● **PROMPT**
Your task is to retype the listing word for word.
(THE DATA Opens)
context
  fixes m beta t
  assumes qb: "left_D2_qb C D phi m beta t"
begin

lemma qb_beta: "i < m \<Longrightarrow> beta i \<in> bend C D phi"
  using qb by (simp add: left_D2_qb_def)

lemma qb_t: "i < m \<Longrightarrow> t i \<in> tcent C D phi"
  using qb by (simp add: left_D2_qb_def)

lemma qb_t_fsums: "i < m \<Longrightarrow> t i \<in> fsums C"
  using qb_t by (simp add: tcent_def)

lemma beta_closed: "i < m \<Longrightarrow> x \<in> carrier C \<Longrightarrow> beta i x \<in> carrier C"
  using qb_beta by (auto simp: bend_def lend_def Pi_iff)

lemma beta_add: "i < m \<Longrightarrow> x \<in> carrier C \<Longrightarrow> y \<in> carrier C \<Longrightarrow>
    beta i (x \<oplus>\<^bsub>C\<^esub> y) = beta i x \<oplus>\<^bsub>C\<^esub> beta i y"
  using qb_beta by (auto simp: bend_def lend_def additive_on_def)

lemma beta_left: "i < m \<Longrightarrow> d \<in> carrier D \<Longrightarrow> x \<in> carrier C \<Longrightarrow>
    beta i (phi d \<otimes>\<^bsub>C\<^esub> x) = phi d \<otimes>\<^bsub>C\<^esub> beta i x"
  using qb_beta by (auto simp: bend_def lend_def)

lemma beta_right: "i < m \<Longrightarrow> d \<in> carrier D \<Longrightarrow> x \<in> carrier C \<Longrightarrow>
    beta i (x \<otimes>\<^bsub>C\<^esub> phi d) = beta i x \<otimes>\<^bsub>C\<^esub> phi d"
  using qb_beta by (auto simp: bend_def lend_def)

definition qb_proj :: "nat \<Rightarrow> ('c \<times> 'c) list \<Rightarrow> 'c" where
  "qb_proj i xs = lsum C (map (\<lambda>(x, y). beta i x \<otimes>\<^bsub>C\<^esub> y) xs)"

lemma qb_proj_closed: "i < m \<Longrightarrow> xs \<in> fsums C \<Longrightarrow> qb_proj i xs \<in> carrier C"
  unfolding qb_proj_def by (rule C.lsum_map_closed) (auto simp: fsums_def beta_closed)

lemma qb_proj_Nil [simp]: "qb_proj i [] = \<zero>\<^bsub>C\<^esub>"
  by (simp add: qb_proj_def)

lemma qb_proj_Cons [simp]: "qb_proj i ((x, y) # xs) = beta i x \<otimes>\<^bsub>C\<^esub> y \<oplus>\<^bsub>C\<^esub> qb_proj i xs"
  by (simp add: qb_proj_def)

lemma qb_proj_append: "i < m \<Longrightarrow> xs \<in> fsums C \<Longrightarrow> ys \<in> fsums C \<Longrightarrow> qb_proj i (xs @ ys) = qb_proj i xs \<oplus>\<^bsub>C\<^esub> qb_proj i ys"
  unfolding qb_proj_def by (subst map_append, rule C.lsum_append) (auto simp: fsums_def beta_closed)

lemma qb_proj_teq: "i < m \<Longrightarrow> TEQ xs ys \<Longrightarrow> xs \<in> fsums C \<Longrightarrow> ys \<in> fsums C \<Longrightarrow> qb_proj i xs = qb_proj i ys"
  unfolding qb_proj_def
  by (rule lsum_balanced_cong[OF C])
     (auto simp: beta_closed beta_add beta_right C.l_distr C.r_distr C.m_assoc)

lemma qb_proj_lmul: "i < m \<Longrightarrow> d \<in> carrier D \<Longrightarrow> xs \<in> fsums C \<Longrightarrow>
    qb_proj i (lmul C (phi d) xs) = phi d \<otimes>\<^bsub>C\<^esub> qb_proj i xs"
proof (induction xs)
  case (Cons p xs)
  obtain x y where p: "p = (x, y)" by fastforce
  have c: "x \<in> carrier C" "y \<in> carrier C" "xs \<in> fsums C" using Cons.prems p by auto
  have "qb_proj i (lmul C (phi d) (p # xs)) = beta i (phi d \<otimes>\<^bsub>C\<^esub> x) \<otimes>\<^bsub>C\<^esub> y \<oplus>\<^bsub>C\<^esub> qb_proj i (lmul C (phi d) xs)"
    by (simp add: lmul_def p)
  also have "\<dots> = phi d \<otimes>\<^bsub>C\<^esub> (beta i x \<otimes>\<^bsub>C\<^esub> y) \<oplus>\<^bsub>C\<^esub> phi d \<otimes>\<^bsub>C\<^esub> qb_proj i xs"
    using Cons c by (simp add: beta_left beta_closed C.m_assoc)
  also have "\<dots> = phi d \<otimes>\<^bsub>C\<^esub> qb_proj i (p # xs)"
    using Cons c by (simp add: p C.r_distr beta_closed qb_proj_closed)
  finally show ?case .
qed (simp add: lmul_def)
(THE DATA Closes)
● **ANSWER AREA**
context
  fixes m beta t
  assumes qb: "left_D2_qb C D phi m beta t"
begin

lemma qb_beta: "i < m \<Longrightarrow> beta i \<in> bend C D phi"
  using qb by (simp add: left_D2_qb_def)

lemma qb_t: "i < m \<Longrightarrow> t i \<in> tcent C D phi"
  using qb by (simp add: left_D2_qb_def)

lemma qb_t_fsums: "i < m \<Longrightarrow> t i \<in> fsums C"
  using qb_t by (simp add: tcent_def)

lemma beta_closed: "i < m \<Longrightarrow> x \<in> carrier C \<Longrightarrow> beta i x \<in> carrier C"
  using qb_beta by (auto simp: bend_def lend_def Pi_iff)

lemma beta_add: "i < m \<Longrightarrow> x \<in> carrier C \<Longrightarrow> y \<in> carrier C \<Longrightarrow>
    beta i (x \<oplus>\<^bsub>C\<^esub> y) = beta i x \<oplus>\<^bsub>C\<^esub> beta i y"
  using qb_beta by (auto simp: bend_def lend_def additive_on_def)

lemma beta_left: "i < m \<Longrightarrow> d \<in> carrier D \<Longrightarrow> x \<in> carrier C \<Longrightarrow>
    beta i (phi d \<otimes>\<^bsub>C\<^esub> x) = phi d \<otimes>\<^bsub>C\<^esub> beta i x"
  using qb_beta by (auto simp: bend_def lend_def)

lemma beta_right: "i < m \<Longrightarrow> d \<in> carrier D \<Longrightarrow> x \<in> carrier C \<Longrightarrow>
    beta i (x \<otimes>\<^bsub>C\<^esub> phi d) = beta i x \<otimes>\<^bsub>C\<^esub> phi d"
  using qb_beta by (auto simp: bend_def lend_def)

definition qb_proj :: "nat \<Rightarrow> ('c \<times> 'c) list \<Rightarrow> 'c" where
  "qb_proj i xs = lsum C (map (\<lambda>(x, y). beta i x \<otimes>\<^bsub>C\<^esub> y) xs)"

lemma qb_proj_closed: "i < m \<Longrightarrow> xs \<in> fsums C \<Longrightarrow> qb_proj i xs \<in> carrier C"
  unfolding qb_proj_def by (rule C.lsum_map_closed) (auto simp: fsums_def beta_closed)

lemma qb_proj_Nil [simp]: "qb_proj i [] = \<zero>\<^bsub>C\<^esub>"
  by (simp add: qb_proj_def)

lemma qb_proj_Cons [simp]: "qb_proj i ((x, y) # xs) = beta i x \<otimes>\<^bsub>C\<^esub> y \<oplus>\<^bsub>C\<^esub> qb_proj i xs"
  by (simp add: qb_proj_def)

lemma qb_proj_append: "i < m \<Longrightarrow> xs \<in> fsums C \<Longrightarrow> ys \<in> fsums C \<Longrightarrow> qb_proj i (xs @ ys) = qb_proj i xs \<oplus>\<^bsub>C\<^esub> qb_proj i ys"
  unfolding qb_proj_def by (subst map_append, rule C.lsum_append) (auto simp: fsums_def beta_closed)

lemma qb_proj_teq: "i < m \<Longrightarrow> TEQ xs ys \<Longrightarrow> xs \<in> fsums C \<Longrightarrow> ys \<in> fsums C \<Longrightarrow> qb_proj i xs = qb_proj i ys"
  unfolding qb_proj_def
  by (rule lsum_balanced_cong[OF C])
     (auto simp: beta_closed beta_add beta_right C.l_distr C.r_distr C.m_assoc)

lemma qb_proj_lmul: "i < m \<Longrightarrow> d \<in> carrier D \<Longrightarrow> xs \<in> fsums C \<Longrightarrow>
    qb_proj i (lmul C (phi d) xs) = phi d \<otimes>\<^bsub>C\<^esub> qb_proj i xs"
proof (induction xs)
  case (Cons p xs)
  obtain x y where p: "p = (x, y)" by fastforce
  have c: "x \<in> carrier C" "y \<in> carrier C" "xs \<in> fsums C" using Cons.prems p by auto
  have "qb_proj i (lmul C (phi d) (p # xs)) = beta i (phi d \<otimes>\<^bsub>C\<^esub> x) \<otimes>\<^bsub>C\<^esub> y \<oplus>\<^bsub>C\<^esub> qb_proj i (lmul C (phi d) xs)"
    by (simp add: lmul_def p)
  also have "\<dots> = phi d \<otimes>\<^bsub>C\<^esub> (beta i x \<otimes>\<^bsub>C\<^esub> y) \<oplus>\<^bsub>C\<^esub> phi d \<otimes>\<^bsub>C\<^esub> qb_proj i xs"
    using Cons c by (simp add: beta_left beta_closed C.m_assoc)
  also have "\<dots> = phi d \<otimes>\<^bsub>C\<^esub> qb_proj i (p # xs)"
    using Cons c by (simp add: p C.r_distr beta_closed qb_proj_closed)
  finally show ?case .
qed (simp add: lmul_def)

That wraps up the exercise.